Today… was strangely quiet.

Which is really saying something, because it's normally quiet to begin with.

Ever since my shift started today, there hasn't been a single customer. From my position in the kitchen, it didn't look like anyone was going to be coming anytime soon. I leaned up against a crate of something in the kitchen. Might as well relax a bit, right?

Moments later, the door slammed open and someone came running into the inn. I winced. By the thundering sound of boots, that narrowed it down to only a few people. By the way they immediately ran up to the counter and sat down on one of the bar stools and spun in a circle; I knew it could only be one person. Luke.

I stood up, only to find him resting his chin on his fist with his other hand rapping on the counter in an uneven and annoying tune.

"Hey, Chase!" He waved. I just glanced at him. "It's funny seeing you here and all-" Is he for real? I knew he lacked the intelligence to even be compared to a pebble thrown into the bottom of a _trench_, but I didn't think he was that clueless.

"I work here, genius." I cut him off; making sure my voice was filled with malice and displeasure. Of course I was over-reacting. I don't deny that.

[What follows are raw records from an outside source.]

lemma sigmoid_denominator_nonzero: "\<bar>Im w\<bar> \<le> pi / 2 \<Longrightarrow> 1 + exp (- w) \<noteq> 0"
  using sigmoid_denominator_ge[of w] by auto

lemma norm_sigmoid_le:
  assumes "\<bar>Im w\<bar> \<le> pi / 2"
  shows "norm (sigmoid w) \<le> exp (Re w)"
proof -
  have "norm (sigmoid w) = 1 / norm (1 + exp (- w))"
    by (simp add: sigmoid_def norm_divide)
  also have "\<dots> \<le> 1 / exp (- Re w)"
    using sigmoid_denominator_ge[OF assms] by (intro divide_left_mono) (auto intro!: mult_pos_pos)
  finally show ?thesis
    by (simp add: exp_minus inverse_eq_divide)
qed

lemma norm_one_minus_sigmoid_le:
  assumes "\<bar>Im w\<bar> \<le> pi / 2"
  shows "norm (1 - sigmoid w) \<le> exp (- Re w)"
proof -
  have "1 - sigmoid w = exp (- w) / (1 + exp (- w))"
    using sigmoid_denominator_nonzero[OF assms] by (simp add: sigmoid_def field_simps)
  then have "norm (1 - sigmoid w) = exp (- Re w) / norm (1 + exp (- w))"
    by (simp add: norm_divide norm_exp_eq_Re)
  also have "\<dots> \<le> exp (- Re w) / 1"
    using sigmoid_denominator_ge[OF assms] by (intro divide_left_mono) auto
  finally show ?thesis
    by simp
qed

lemma norm_sigmoid_diff_le:
  assumes "\<bar>Im w\<bar> \<le> pi / 2" "s \<ge> 0"
  shows "norm (sigmoid w - sigmoid (w - of_real s)) \<le> (1 + exp s) * exp (- \<bar>Re w\<bar>)"
proof -
  have Im_shift: "\<bar>Im (w - of_real s)\<bar> \<le> pi / 2"
    using assms by simp
  show ?thesis
  proof (cases "Re w \<ge> 0")
    case True
    have "norm (sigmoid w - sigmoid (w - of_real s))
        \<le> norm (1 - sigmoid w) + norm (1 - sigmoid (w - of_real s))"
      using norm_triangle_ineq4[of "1 - sigmoid (w - of_real s)" "1 - sigmoid w"]
      by (simp add: norm_minus_commute)
    also have "\<dots> \<le> exp (- Re w) + exp (- Re (w - of_real s))"
      using norm_one_minus_sigmoid_le[OF assms(1)] norm_one_minus_sigmoid_le[OF Im_shift]
      by (rule add_mono)
    also have "\<dots> = (1 + exp s) * exp (- \<bar>Re w\<bar>)"
      using True by (simp add: algebra_simps exp_add[symmetric])
    finally show ?thesis .
  next
    case False
    have "norm (sigmoid w - sigmoid (w - of_real s))
        \<le> norm (sigmoid w) + norm (sigmoid (w - of_real s))"
      by (rule norm_triangle_ineq4)
    also have "\<dots> \<le> exp (Re w) + exp (Re (w - of_real s))"
      using norm_sigmoid_le[OF assms(1)] norm_sigmoid_le[OF Im_shift] by (rule add_mono)
    also have "\<dots> \<le> (1 + exp s) * exp (- \<bar>Re w\<bar>)"
      using False assms(2) by (simp add: algebra_simps exp_add[symmetric])
    finally show ?thesis .
  qed
qed

lemma norm_cosh_le: "norm (cosh w) \<le> exp \<bar>Re w\<bar>" for w :: complex
proof -
  have "norm (cosh w) \<le> (norm (exp w) + norm (exp (- w))) / 2"
    unfolding cosh_field_def norm_divide using norm_triangle_ineq[of "exp w" "exp (- w)"] by simp
  also have "\<dots> \<le> exp \<bar>Re w\<bar>"
    by (cases "0 \<le> Re w") (simp_all add: norm_exp_eq_Re)
  finally show ?thesis .
qed

lemma norm_cosh_ge:
  fixes w :: complex
  assumes "\<bar>Im w\<bar> \<le> pi / 4"
  shows "exp \<bar>Re w\<bar> / 2 \<le> norm (cosh w)"
proof -
  have "0 \<le> Re (exp (2 * w))"
    using assms by (intro Re_exp_nonneg) simp
  then have "max 1 (exp (2 * Re w)) \<le> norm (1 + exp (2 * w))"
    using norm_one_plus_ge_max[of "exp (2 * w)"] by (simp add: norm_exp_eq_Re)
  then have "exp (- Re w) * max 1 (exp (2 * Re w)) \<le> exp (- Re w) * norm (1 + exp (2 * w))"
    by (rule mult_left_mono) simp
  moreover have "exp (- Re w) * max 1 (exp (2 * Re w)) = exp \<bar>Re w\<bar>"
    by (simp add: max_def exp_add[symmetric])
  moreover have "exp (- Re w) * norm (1 + exp (2 * w)) = 2 * norm (cosh w)"
  proof -
    have "2 * cosh w = exp (- w) * (1 + exp (2 * w))"
      by (simp add: cosh_field_def algebra_simps exp_add[symmetric])
    from arg_cong[OF this, of norm] show ?thesis
      by (simp add: norm_mult norm_exp_eq_Re)
  qed
  ultimately show ?thesis
    by simp
qed

lemma holomorphic_on_cosh [holomorphic_intros]:
  assumes "f holomorphic_on A"
  shows "(\<lambda>z. cosh (f z :: complex)) holomorphic_on A"
proof -
  have "cosh holomorphic_on f ` A"
    unfolding cosh_conv_cos[abs_def] by (intro holomorphic_intros)
  from holomorphic_on_compose[OF assms this] show ?thesis
    by (simp add: o_def)
qed
(* Fix $q\ge 2$ and $z\in\mathbb Z$. There exist an integer $N$ and a constant $C>0$ (independent of $n$) such that for all $n\ge N$, with $k=\lceil\log_q n\rceil+z$, $$\log_2 q-\frac{C}{n}\le E_{k,q}\le \log_2 q.$$
   Context: $\Sigma_q=\{0,\dots,q-1\}$. A vector in $\Sigma_q^m$ is a $k$-RLL vector if $m<k$ or it has no run of $k$ consecutive zeros; $a_q(m,k)$ is the number of such vectors. For fixed $k,q$, $E_{k,q}=\lim_{m\to\infty}\frac{\log_2 a_q(m,k)}{m}$ (this limit exists). *)

theory Defs
  imports Complex_Main
begin

text \<open>A vector in Sigma_q^m is represented as a list of length m with entries in {0..<q}.\<close>

definition has_zero_run :: "nat \<Rightarrow> nat list \<Rightarrow> bool" where
  "has_zero_run k xs \<longleftrightarrow> (\<exists>i. i + k \<le> length xs \<and> (\<forall>j<k. xs ! (i + j) = 0))"

definition is_RLL :: "nat \<Rightarrow> nat list \<Rightarrow> bool" where
  "is_RLL k xs \<longleftrightarrow> length xs < k \<or> \<not> has_zero_run k xs"

definition a_RLL :: "nat \<Rightarrow> nat \<Rightarrow> nat \<Rightarrow> nat" where
  "a_RLL q m k = card {xs :: nat list. length xs = m \<and> set xs \<subseteq> {..<q} \<and> is_RLL k xs}"

definition E_RLL :: "nat \<Rightarrow> nat \<Rightarrow> real" where
  "E_RLL k q = lim (\<lambda>m. log 2 (real (a_RLL q m k)) / real m)"

end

It adds to the well-needed humor.

Luke just grinned in response. I didn't know how to reply, so I walked to the sink and began cleaning a few dirty dishes that piled up. Still, he remained silent.

"So, Chase," Oh, damn. The silence has been broken. "Are you a cat person, or a dog person?" That was a fairly… strange question.

I turned off the faucet and thought for a second. "You know, I'm not much of an animal person. But I guess I like cats more." Luke snickered.

"I like dogs. They're loyal and trustworthy and fun to play with!" What a surprise. Ironically, both Luke and dogs seem to have sort of a fetish for trees and things that come off them.

…I hope they don't share the same feeling for fire hydrants or anything that moves. I don't need Luke violating my leg in the future, thanks.

"Why do you like cats more? Is it because your name and 'cat' both start with a 'c'?" He asked. ...I didn't particularly have one. "It's not much of a surprise, though. You look like one." What was that supposed to mean? I look like a cat, or a 'cat person'?

"I just like cats more."

This stopped the conversation for a while. The inn was pretty creepy when it was quiet. The sounds of every single motion within the confines echoes throughout the building. It gives me the chills. Luke was probably contemplating how to respond to that. He was uncharacteristically silent.

"…What about Gill?"

"I don't know. What about him?"

"Do you think he likes cats or dogs more? He seems like a cat person 'cause he's all fancy and stuff. Unless he likes one of those tiny dogs that sound like some type of spicy food. Look like rats, I think so."

"You mean Chihuahuas?"

"Yeah! That's it!" …They don't look like rats. I frowned a little. I had one of those when I was little.

It began to strike me slightly as odd that he was beginning to wonder about peoples' animal preferences. Maybe he was planning something. …Or maybe he wasn't. Maybe he was just being Luke. I should've just went back to the kitchen and pretended I was busy, but I didn't think of it then, much to my dismay.

"Hm… what about Julius?" Luke tapped the side of his head. I tried to stifle a snicker, but it didn't work out to well.

"He probably likes dogs that think they're cats." I nearly burst into laughter after I said this! Luke stared at me blankly. Never before that moment had I realized how creepy his eyes were. He may have well been burning holes through my skin with his retina.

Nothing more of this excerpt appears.